MySQL Scaling: We met a lot of people and companies with MySQL scale problems, including:

  • Large sharded topologies whose ongoing maintenance is costing more than expected… and faced with additional growth are starting to look for other solutions
  • Large MySQL deployments right on the cusp of ‘needing’ to shard, but don’t like the prospect of:
    • Needing to hire additional DBAs to build it out
    • Needing additional redundant hardware to ensure HA
    • Needing ongoing shard maintenance and data rebalancing
  • SaaS providers with a ‘pod per group of customers’ or ‘pod per large customer’, or ‘pod per database’… but staring at the problem, “what happens when the database (ie, smallest shared resource) gets larger than my biggest MySQL instance?”

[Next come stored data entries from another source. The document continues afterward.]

(* Let $\mathcal{G}$ be a cyclic group of prime order with generator $g$, and let $m$ be a positive integer. Let $\mathcal{A}_{m\text{-}\mathsf{MDL}}$ be a (possibly randomized) $m$-MDL algorithm in the GGM having at most $T$ group operation gates. Then \[\Pr_{\mathcal{A}_{m\text{-}\mathsf{MDL}},\mathbf{x}}\left[\mathcal{A}_{m\text{-}\mathsf{MDL}}^{\mathcal{G}}(g,g^{\mathbf{x}})\rightarrow\mathbf{x}\right]=O\!\left(\left(\frac{e(T+2m+1)^2}{2m|\mathcal{G}|}\right)^m\right),\] where $\mathbf{x}=(x_1,\dots,x_m)$ is uniformly random in $\{0,\dots,|\mathcal{G}|-1\}^m$ and $g^{\mathbf{x}}=(g^{x_1},\dots,g^{x_m})$.
   Context: Generic group model (Maurer-style). Let $\mathcal{G}$ be a cyclic group of known prime order $N$ with generator $g$. A GGM algorithm is a circuit with bit wires (values in $\{0,1\}$) and element wires (values in $\mathbb{Z}_N\cup\{\bot\}$; an element wire holding $x$ is written $g^x$). Bit gates act only on bit wires. Element gates: a labeling gate maps $\lceil\log_2N\rceil$ bit wires representing $x\in\mathbb{Z}_N$ to $g^x$ (or $\bot$ if no such $x$); a group operation gate maps element wires $g^x,g^y$ and a bit $b$ to $g^{x+by}$ (or $\bot$ if an input is $\bot$); an equality gate outputs the bit $1$ iff its two element inputs contain the same element different from $\bot$. The cost measure (group operation complexity) counts labeling and group operation gates; all other gates are free. No two equality gates have the same input wires. The $m$-multiple DL ($m$-MDL) problem asks, given $(g,g^{x_1},\dots,g^{x_m})$ on element wires for uniformly random $(x_1,\dots,x_m)\in\{0,\dots,N-1\}^m$, to output $(x_1,\dots,x_m)$. *)

theory Defs
  imports "HOL-Probability.Probability"
begin

text \<open>Wires are split into bit wires and element wires, each numbered in order
of creation. An element wire holds Some x (representing g^x, x in {0..N-1})
or None (representing bottom).\<close>

datatype gate =
    BitG "bool list \<Rightarrow> bool" "nat list"
  | Label "nat list"                     \<comment> \<open>labeling gate: bit wires (little endian) to g^x\<close>
  | GOp nat nat nat                      \<comment> \<open>group operation: g^x, g^y, bit b to g^(x+b*y)\<close>
  | EqG nat nat

record circuit =
  gates :: "gate list"
  outs  :: "nat list list"   \<comment> \<open>output: m blocks of bit wires, block i encodes x_i\<close>

definition nbits :: "nat \<Rightarrow> nat" where
  "nbits N = nat \<lceil>log 2 (real N)\<rceil>"

definition bits_val :: "bool list \<Rightarrow> nat" where
  "bits_val bs = (\<Sum>i<length bs. if bs ! i then 2 ^ i else 0)"

fun step :: "nat \<Rightarrow> bool list \<times> nat option list \<Rightarrow> gate \<Rightarrow> bool list \<times> nat option list" where
  "step N (bs, es) (BitG f is) = (bs @ [f (map ((!) bs) is)], es)"
| "step N (bs, es) (Label is) =
     (bs, es @ [let v = bits_val (map ((!) bs) is) in if v < N then Some v else None])"
| "step N (bs, es) (GOp i j k) =
     (bs, es @ [case (es ! i, es ! j) of
                  (Some a, Some b) \<Rightarrow> Some ((a + (if bs ! k then b else 0)) mod N)
                | _ \<Rightarrow> None])"
| "step N (bs, es) (EqG i j) =
     (bs @ [case (es ! i, es ! j) of (Some a, Some b) \<Rightarrow> a = b | _ \<Rightarrow> False], es)"

text \<open>Run the circuit on input (g, g^x_1, ..., g^x_m); g = g^1.\<close>
definition run :: "nat \<Rightarrow> circuit \<Rightarrow> nat list \<Rightarrow> bool list \<times> nat option list" where
  "run N c xs = foldl (step N) ([], Some 1 # map Some xs) (gates c)"

definition circ_output :: "nat \<Rightarrow> circuit \<Rightarrow> nat list \<Rightarrow> nat list" where
  "circ_output N c xs = map (\<lambda>ws. bits_val (map ((!) (fst (run N c xs))) ws)) (outs c)"

fun new_bits :: "gate \<Rightarrow> nat" where
  "new_bits (BitG _ _) = 1" | "new_bits (EqG _ _) = 1" | "new_bits _ = 0"

fun new_elems :: "gate \<Rightarrow> nat" where
  "new_elems (Label _) = 1" | "new_elems (GOp _ _ _) = 1" | "new_elems _ = 0"

fun wf_gate :: "nat \<Rightarrow> nat \<Rightarrow> nat \<Rightarrow> gate \<Rightarrow> bool" where
  "wf_gate L nb ne (BitG f is) = (\<forall>i\<in>set is. i < nb)"
| "wf_gate L nb ne (Label is) = (length is = L \<and> (\<forall>i\<in>set is. i < nb))"
| "wf_gate L nb ne (GOp i j k) = (i < ne \<and> j < ne \<and> k < nb)"
| "wf_gate L nb ne (EqG i j) = (i < ne \<and> j < ne)"

fun wf_gates :: "nat \<Rightarrow> nat \<Rightarrow> nat \<Rightarrow> gate list \<Rightarrow> bool" where
  "wf_gates L nb ne [] = True"
| "wf_gates L nb ne (g # gs) =
     (wf_gate L nb ne g \<and> wf_gates L (nb + new_bits g) (ne + new_elems g) gs)"

fun eq_inputs :: "gate \<Rightarrow> nat set list" where
  "eq_inputs (EqG i j) = [{i, j}]" | "eq_inputs _ = []"

definition wf_circuit :: "nat \<Rightarrow> nat \<Rightarrow> circuit \<Rightarrow> bool" where
  "wf_circuit N m c \<longleftrightarrow>
     wf_gates (nbits N) 0 (m + 1) (gates c) \<and>
     distinct (concat (map eq_inputs (gates c))) \<and>
     length (outs c) = m \<and>
     (\<forall>ws\<in>set (outs c). length ws = nbits N \<and>
        (\<forall>i\<in>set ws. i < sum_list (map new_bits (gates c))))"

fun costly :: "gate \<Rightarrow> bool" where
  "costly (Label _) = True" | "costly (GOp _ _ _) = True" | "costly _ = False"

definition cost :: "circuit \<Rightarrow> nat" where
  "cost c = length (filter costly (gates c))"

definition mdl_inputs :: "nat \<Rightarrow> nat \<Rightarrow> nat list set" where
  "mdl_inputs N m = {xs. length xs = m \<and> set xs \<subseteq> {..<N}}"

definition success_prob :: "nat \<Rightarrow> nat \<Rightarrow> circuit pmf \<Rightarrow> real" where
  "success_prob N m A =
     measure_pmf.prob (pair_pmf A (pmf_of_set (mdl_inputs N m)))
       {(c, xs). circ_output N c xs = xs}"

end

theory Submission
  imports Defs "HOL-Number_Theory.Cong"
begin

(* Maurer's argument. Run the circuit symbolically on the secret x: every element wire carries
   an affine function of the exponent vector, and the inputs consistent with the equalities
   observed so far form an affine subspace V of Z_N^m containing x. An equality gate whose two
   affine functions agree at x but not on all of V cuts V down by the factor N (N is prime), so at
   most m gates cut; the outcome of every other equality gate is already determined by V. Hence
   the run, and with it the output, is determined by the set of cutting gates, and the circuit is
   correct on at most sum_{k<=m} (Q choose k) inputs, Q being the number of equality gates.
   Since equality gates have pairwise distinct inputs, Q is at most the number of unordered pairs
   of the at most T + m + 1 element wires, and sum_{k<=m} (Q choose k) <= (e P / m)^m for every
   P >= Q, m. Averaging over the coins of the algorithm gives the bound with constant 1. *)

section \<open>Affine maps and affine subspaces of Z_N^m\<close>

lemma nth_less_if_mem_mdl_inputs: "y \<in> mdl_inputs N m \<Longrightarrow> i < m \<Longrightarrow> y ! i < N"
  unfolding mdl_inputs_def using nth_mem by fastforce

lemma mdl_inputs_eq_lists: "mdl_inputs N m = {xs. set xs \<subseteq> {..<N} \<and> length xs = m}"
  by (auto simp: mdl_inputs_def)

lemma finite_mdl_inputs: "finite (mdl_inputs N m)"
  unfolding mdl_inputs_eq_lists by (rule finite_lists_length_eq) simp

lemma card_mdl_inputs: "card (mdl_inputs N m) = N ^ m"
  unfolding mdl_inputs_eq_lists by (simp add: card_lists_length_eq)

(* Over the field Z_N, the maps Z_N^m -> Z_N that commute
   with the combinations y + c (z - w) are exactly the affine maps, and the nonempty sets closed
   under these combinations are exactly the affine subspaces; we use these characterisations as
   the definitions. *)
definition affine_comb :: "nat \<Rightarrow> int \<Rightarrow> nat list \<Rightarrow> nat list \<Rightarrow> nat list \<Rightarrow> nat list" where
  "affine_comb N c y z w =
     map (\<lambda>i. nat ((int (y ! i) + c * (int (z ! i) - int (w ! i))) mod int N)) [0..<length y]"

definition affine_map :: "nat \<Rightarrow> nat \<Rightarrow> (nat list \<Rightarrow> nat) \<Rightarrow> bool" where
  "affine_map N m f \<longleftrightarrow> (\<forall>y\<in>mdl_inputs N m. f y < N) \<and>
     (\<forall>y\<in>mdl_inputs N m. \<forall>z\<in>mdl_inputs N m. \<forall>w\<in>mdl_inputs N m. \<forall>c.
        [int (f (affine_comb N c y z w)) = int (f y) + c * (int (f z) - int (f w))] (mod int N))"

Galera Replication: This year I found a lot more common knowledge that Galera Replication (i.e. underpinning MariaDB Cluster & Percona XtraDB) won’t solve your application’s write scale problem. It works for a consolidation workload (each application has its own write-server), but if a single app needs to write to more than 1 server while remaining strongly consistent, Galera isn’t the solution. It works great for HA, which people appreciate; they just want write scale as well.

NoSQL for Scale Misses Important Use Cases: Many people came-by talking about transactional workloads they’d put on Cassandra or Mongo. At first you’d question- “Why?” Well, because both are ‘free’ and scale-out. However, sooner or later they realize:

  • There’s lots of redundant hardware, due to multiple copies of the same data across multiple nodes
  • The loss of a central RDBMS to guarantee cross-node ACID compliant JOINs, referential integrity, and ad-hoc queries starts to really affect business flexibility

‘Open Source’ (code for ‘free’) plus ‘scale-out’ drove the decision by upper management, but for many, now the Application Devs, DevOps, and DBAs were stuck trying to build-in those transactional ACID guarantees and referential integrity constraints themselves.

‘Bolt-on RDBMS’, indeed.

The Holy Grail: One attendee put it best: “I want what I have on a 1 node MySQL system, just larger”

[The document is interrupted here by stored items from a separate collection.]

lemma BS_subgroup_translations_Zinv_closed:
  assumes "m > 0" "subgroup K (BS m)" "j > 0" "(int j, 0) \<in> K" "(0, b) \<in> K" "z \<in> Zinv m"
  shows "(0, z * b) \<in> K"
proof -
  interpret BS: group "BS m" by (rule group_BS[OF assms(1)])
  have b: "b \<in> Zinv m" using subgroup.subset[OF assms(2)] assms(5) by auto
  obtain a e where z: "z = of_int a / of_nat m ^ e" using assms(6) by (rule ZinvE)
  \<comment> \<open>\<open>z = a m^((j - 1) e) / m^(j e)\<close>: multiply by an integer, then conjugate by \<open>t^(-j e)\<close>.\<close>
  define c where "c = a * int m ^ ((j - 1) * e)"
  have "(0, b) [^]\<^bsub>BS m\<^esub> c \<in> K" by (rule BS.subgroup_int_pow_closed[OF assms(2,5)])
  then have c: "(0, of_int c * b) \<in> K" by (simp add: pow_BS_translation[OF assms(1) b])
  have "(int j, 0) [^]\<^bsub>BS m\<^esub> (- int e) \<in> K" by (rule BS.subgroup_int_pow_closed[OF assms(2,4)])
  then have t: "(- (int j * int e), 0) \<in> K" by (simp add: pow_BS_dilation[OF assms(1)] mult.commute)
  have "(- (int j * int e), 0) \<otimes>\<^bsub>BS m\<^esub> (0, of_int c * b) \<otimes>\<^bsub>BS m\<^esub>
      inv\<^bsub>BS m\<^esub> (- (int j * int e), 0) \<in> K"
    using t c by (intro subgroup.m_closed[OF assms(2)] subgroup.m_inv_closed[OF assms(2)])
  moreover have "of_nat m powi (- (int j * int e)) * (of_int c * b) = z * b"
  proof -
    have "j * e = (j - 1) * e + e" using assms(3) by (cases j) auto
    then have "(of_nat m :: rat) ^ (j * e) = of_nat m ^ ((j - 1) * e) * of_nat m ^ e"
      by (simp add: power_add)
    then show ?thesis
      using assms(1) unfolding c_def z by (simp add: power_int_minus field_simps flip: of_nat_mult)
  qed
  ultimately show ?thesis by (simp only: conj_BS_translation[OF assms(1)])
qed

lemma BS_subgroup_contains_congruence_part:
  assumes "m > 0" "subgroup K (BS m)" "j > 0" "(int j, 0) \<in> K" "c > 0" "(0, of_nat c) \<in> K"
  shows "\<exists>N>0. coprime N m \<and> (\<forall>k z. int j dvd k \<longrightarrow> z \<in> Zinv m \<longrightarrow> (k, of_nat N * z) \<in> K)"
proof -
  interpret BS: group "BS m" by (rule group_BS[OF assms(1)])
  have scale: "(0, z * of_nat N) \<in> K" if "(0, of_nat N) \<in> K" "z \<in> Zinv m" for N z
    using BS_subgroup_translations_Zinv_closed[OF assms(1-4) that] .
  have "(0, of_nat (N div g)) \<in> K" if "(0, of_nat N) \<in> K" "g dvd N" "g dvd m" for N g
    using scale[OF that(1) Zinv_inverse_of_dvd[OF assms(1) that(3)]] that(2)
    by (cases "g = 0") (auto elim!: dvdE)
  then obtain N where N: "N > 0" "coprime N m" "(0, of_nat N) \<in> K"
    using ex_coprime_dividing_out[of "\<lambda>N. (0, of_nat N) \<in> K" c m] assms(5,6) by blast
  have "(k, of_nat N * z) \<in> K" if k: "int j dvd k" and z: "z \<in> Zinv m" for k z
  proof -
    obtain l where l: "k = l * int j" using k by (metis dvd_def mult.commute)
    have "(int j, 0) [^]\<^bsub>BS m\<^esub> l \<in> K" by (rule BS.subgroup_int_pow_closed[OF assms(2,4)])
    then have "(k, 0) \<in> K" by (simp add: pow_BS_dilation[OF assms(1)] l)
    with scale[OF N(3) z] have "(0, z * of_nat N) \<otimes>\<^bsub>BS m\<^esub> (k, 0) \<in> K"
      by (rule subgroup.m_closed[OF assms(2)])
    then show ?thesis by (simp add: mult.commute)
  qed
  with N(1,2) show ?thesis by blast
qed

section \<open>Subgroups of finite index\<close>

lemma (in group) ex_pow_in_subgroup_of_finite_index:
  assumes "subgroup H G" "finite (rcosets H)" "x \<in> carrier G"
  shows "\<exists>j::nat>0. x [^] j \<in> H"
proof -
  have "range (\<lambda>i::nat. H #> x [^] i) \<subseteq> rcosets H"
    using assms(3) subgroup.subset[OF assms(1)] by (auto intro!: rcosetsI)
  then have "\<not> inj (\<lambda>i::nat. H #> x [^] i)"
    using assms(2) finite_subset infinite_UNIV_nat finite_imageD by blast
  then obtain i i' :: nat where "i < i'" "H #> x [^] i = H #> x [^] i'"
    unfolding inj_def by (metis linorder_neqE_nat)
  then have "x [^] i' \<in> H #> x [^] i"
    using assms(1,3) by (simp add: rcos_self)
  then have "x [^] i' \<otimes> inv (x [^] i) \<in> H"
    using assms(1,3) by (simp add: subgroup.rcos_module_imp[OF _ is_group])
  moreover have "x [^] i' = x [^] (i' - i) \<otimes> x [^] i"
    using assms(3) \<open>i < i'\<close> by (simp add: nat_pow_mult)
  ultimately have "x [^] (i' - i) \<in> H"
    using assms(3) by (simp add: m_assoc)
  then show ?thesis using \<open>i < i'\<close> by (intro exI[of _ "i' - i"]) simp
qed

lemma (in group_hom) subgroup_vimage:
  assumes "subgroup K H"
  shows "subgroup (carrier G \<inter> h -` K) G"
  using assms by (intro G.subgroupI) (auto simp: subgroup.m_closed subgroup.m_inv_closed subgroup.one_closed)

section \<open>Special representations\<close>

locale special_representation =
  fixes m n :: nat and \<rho> :: "int \<times> rat \<Rightarrow> rat mat"
  assumes m_ge_2: "m \<ge> 2" and special: "special_rep m n \<rho>"
begin

lemma m_pos: "m > 0"
  using m_ge_2 by simp

sublocale rep: group_hom "BS m" "GL_group m n" \<rho>
  using group_BS[OF m_pos] group_GL_group[OF m_pos] special
  by (simp add: group_hom_def group_hom_axioms_def special_rep_def)

lemma rep_mult:
  "x \<in> carrier (BS m) \<Longrightarrow> y \<in> carrier (BS m) \<Longrightarrow> \<rho> (x \<otimes>\<^bsub>BS m\<^esub> y) = \<rho> x * \<rho> y"
  using rep.hom_mult by (simp add: GL_group_def)

lemma rep_GL: "x \<in> carrier (BS m) \<Longrightarrow> \<rho> x \<in> GL_Zinv m n"
  using rep.hom_closed by (simp add: GL_group_def)

lemma rep_carrier_mat: "x \<in> carrier (BS m) \<Longrightarrow> \<rho> x \<in> carrier_mat n n"
  by (rule GL_ZinvD(1)[OF rep_GL])

lemma rep_entry_Zinv: "x \<in> carrier (BS m) \<Longrightarrow> i < n \<Longrightarrow> j < n \<Longrightarrow> \<rho> x $$ (i, j) \<in> Zinv m"
  by (rule over_ZinvD[OF GL_ZinvD(2)[OF rep_GL] rep_carrier_mat])

lemma rep_upper_triangular:
  assumes "x \<in> carrier (BS m)"
  shows "upper_triangular (\<rho> x)"
proof -
  have "\<rho> x \<in> T_Zinv m n" using special assms unfolding special_rep_def by blast
  then show ?thesis by (simp add: T_Zinv_def)
qed

lemma rep_one: "\<rho> (0, 0) = 1\<^sub>m n"
  using rep.hom_one by (simp add: GL_group_def)

lemma rep_translation_diag:
  assumes "b \<in> Zinv m" "i < n"
  shows "\<rho> (0, b) $$ (i, i) = 1"
proof -
  have "\<rho> (0, b) \<in> U_Zinv m n"
    using special translation_in_BS_A[OF m_pos assms(1)] unfolding special_rep_def by blast
  then show ?thesis using assms(2) by (simp add: U_Zinv_def)
qed

lemma rep_diag_mult:
  "x \<in> carrier (BS m) \<Longrightarrow> y \<in> carrier (BS m) \<Longrightarrow> i < n \<Longrightarrow>
    \<rho> (x \<otimes>\<^bsub>BS m\<^esub> y) $$ (i, i) = \<rho> x $$ (i, i) * \<rho> y $$ (i, i)"
  by (simp add: GL_group_def upper_triangular_mult_diag[OF rep_carrier_mat rep_carrier_mat
        rep_upper_triangular rep_upper_triangular])

lemma rep_dilation_diag_nonzero: "i < n \<Longrightarrow> \<rho> (1, 0) $$ (i, i) \<noteq> 0"
  using rep_diag_mult[of "(1, 0)" "(-1, 0)" i] rep_one by auto

lemma rep_diag:
  assumes b: "b \<in> Zinv m" and i: "i < n"
  shows "\<rho> (k, b) $$ (i, i) = (\<rho> (1, 0) $$ (i, i)) powi k"
proof -
  let ?D = "\<rho> (1, 0) $$ (i, i)"
  have step: "\<rho> (k + 1, 0) $$ (i, i) = \<rho> (k, 0) $$ (i, i) * ?D" for k
    using rep_diag_mult[of "(k, 0)" "(1, 0)" i] i by simp
  have "\<rho> (k, 0) $$ (i, i) = ?D powi k"
  proof (induction k rule: int_induct[where k = 0])
    case base
    show ?case using rep_one i by simp
  next
    case (step1 k)
    then show ?case using step[of k] rep_dilation_diag_nonzero[OF i] by (simp add: power_int_add)
  next
    case (step2 k)
    then show ?case using step[of "k - 1"] rep_dilation_diag_nonzero[OF i]
      by (simp add: power_int_diff field_simps)
  qed
  moreover have "\<rho> (k, b) $$ (i, i) = \<rho> (0, b) $$ (i, i) * \<rho> (k, 0) $$ (i, i)"
    using rep_diag_mult[of "(0, b)" "(k, 0)" i] b i by simp
  ultimately show ?thesis using rep_translation_diag[OF b i] by simp
qed

definition first_superdiagonal :: "nat \<Rightarrow> nat \<Rightarrow> bool" where
  "first_superdiagonal i s \<longleftrightarrow> 0 < s \<and> i + s < n \<and> (\<exists>c\<in>Zinv m. \<rho> (0, c) $$ (i, i + s) \<noteq> 0) \<and>
     (\<forall>c\<in>Zinv m. \<forall>i' l. i' < l \<longrightarrow> l < i' + s \<longrightarrow> l < n \<longrightarrow> \<rho> (0, c) $$ (i', l) = 0)"

lemma ex_first_superdiagonal: "\<exists>i s. first_superdiagonal i s"
proof -
  have "inj_on \<rho> (carrier (BS m))" using special unfolding special_rep_def by blast
  then have "\<rho> (0, 1) \<noteq> \<rho> (0, 0)" by (auto dest: inj_onD)
  then have "\<rho> (0, 1) \<noteq> 1\<^sub>m n" by (simp add: rep_one)
  moreover have "\<rho> (0, 1) \<in> carrier_mat n n" by (simp add: rep_carrier_mat)
  ultimately obtain i j where ij: "i < n" "j < n" "\<rho> (0, 1) $$ (i, j) \<noteq> 1\<^sub>m n $$ (i, j)"
    by (metis carrier_matD eq_matI index_one_mat(2,3))
  have "i < j"
  proof (rule ccontr)
    assume "\<not> i < j"
    then consider "i = j" | "j < i" by linarith
    then show False
      by cases (use ij rep_translation_diag[of 1 i]
          upper_triangular_below_diag[OF rep_carrier_mat rep_upper_triangular, of "(0, 1)" j i] in simp_all)
  qed
  define S where "S = {s. 0 < s \<and> (\<exists>i. i + s < n \<and> (\<exists>c\<in>Zinv m. \<rho> (0, c) $$ (i, i + s) \<noteq> 0))}"
  have "j - i \<in> S" unfolding S_def using ij \<open>i < j\<close> by (auto intro!: exI[of _ i] bexI[of _ 1])
  define s where "s = (LEAST s. s \<in> S)"
  have "s \<in> S" unfolding s_def using \<open>j - i \<in> S\<close> by (rule LeastI[of "\<lambda>s. s \<in> S"])
  then obtain i0 where i0: "0 < s" "i0 + s < n" "\<exists>c\<in>Zinv m. \<rho> (0, c) $$ (i0, i0 + s) \<noteq> 0"
    unfolding S_def by blast
  have "\<rho> (0, c) $$ (i', l) = 0" if "c \<in> Zinv m" "i' < l" "l < i' + s" "l < n" for c i' l
  proof (rule ccontr)
    assume "\<rho> (0, c) $$ (i', l) \<noteq> 0"
    then have "l - i' \<in> S" unfolding S_def using that by (auto intro!: exI[of _ i'] bexI[of _ c])
    then have "s \<le> l - i'" unfolding s_def by (rule Least_le)
    then show False using that by linarith
  qed
  then have "first_superdiagonal i0 s" unfolding first_superdiagonal_def using i0 by blast
  then show ?thesis by blast
qed

context
  fixes i s
  assumes gap: "first_superdiagonal i s"
begin

lemma first_superdiagonal_bounds: "0 < s" "i + s < n"
  using gap unfolding first_superdiagonal_def by blast+

lemma first_superdiagonal_vanishing:
  "c \<in> Zinv m \<Longrightarrow> i' < l \<Longrightarrow> l < i' + s \<Longrightarrow> l < n \<Longrightarrow> \<rho> (0, c) $$ (i', l) = 0"
  using gap unfolding first_superdiagonal_def by blast

lemma first_superdiagonal_mult_entry:
  assumes "x \<in> carrier (BS m)" "y \<in> carrier (BS m)"
    and "\<And>l. i < l \<Longrightarrow> l < i + s \<Longrightarrow> \<rho> x $$ (i, l) = 0 \<or> \<rho> y $$ (l, i + s) = 0"
  shows "\<rho> (x \<otimes>\<^bsub>BS m\<^esub> y) $$ (i, i + s) =
    \<rho> x $$ (i, i) * \<rho> y $$ (i, i + s) + \<rho> x $$ (i, i + s) * \<rho> y $$ (i + s, i + s)"
  unfolding rep_mult[OF assms(1,2)]
  by (rule upper_triangular_mult_entry_gap[OF rep_carrier_mat[OF assms(1)] rep_carrier_mat[OF assms(2)]
        rep_upper_triangular[OF assms(1)] rep_upper_triangular[OF assms(2)]])
    (use first_superdiagonal_bounds assms(3) in auto)

lemma first_superdiagonal_entry_linear:
  assumes "c \<in> Zinv m"
  shows "\<rho> (0, c) $$ (i, i + s) = c * \<rho> (0, 1) $$ (i, i + s)"
proof (rule Zinv_additive_imp_linear[OF m_pos _ assms])
  fix a b assume ab: "a \<in> Zinv m" "b \<in> Zinv m"
  note n = first_superdiagonal_bounds(2)
  have "\<rho> ((0, a) \<otimes>\<^bsub>BS m\<^esub> (0, b)) $$ (i, i + s) =
      \<rho> (0, a) $$ (i, i) * \<rho> (0, b) $$ (i, i + s) + \<rho> (0, a) $$ (i, i + s) * \<rho> (0, b) $$ (i + s, i + s)"
    using ab n by (intro first_superdiagonal_mult_entry) (auto intro: first_superdiagonal_vanishing)
  then show "\<rho> (0, a + b) $$ (i, i + s) = \<rho> (0, a) $$ (i, i + s) + \<rho> (0, b) $$ (i, i + s)"
    using ab n by (simp add: rep_translation_diag add.commute)
qed

lemma first_superdiagonal_entry_nonzero: "\<rho> (0, 1) $$ (i, i + s) \<noteq> 0"
proof -
  obtain c where "c \<in> Zinv m" "\<rho> (0, c) $$ (i, i + s) \<noteq> 0"
    using gap unfolding first_superdiagonal_def by blast
  then show ?thesis using first_superdiagonal_entry_linear by force
qed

What We Do: A Quick Pitch for ClustrixDB. We found lots of people interested in ClustrixDB architecture. Whereas some have looked at our technical white papers with raised eyebrows- the recent announcement of Cloud Spanner, leveraging a similar model to ours, got a nod of recognition from many attendees. Now most technical people are familiar with Spanner and realize that 2PL and multi-node consistency guaranteed by Paxos not only is feasible, it’s very performant. (And by the way- with CLX you also get full SQL semantics, online schema changes, ad-hoc queries, & dynamic PK/FK referential integrity as well)

We really enjoyed participating in Percona Live 2017, and are looking forward to next year!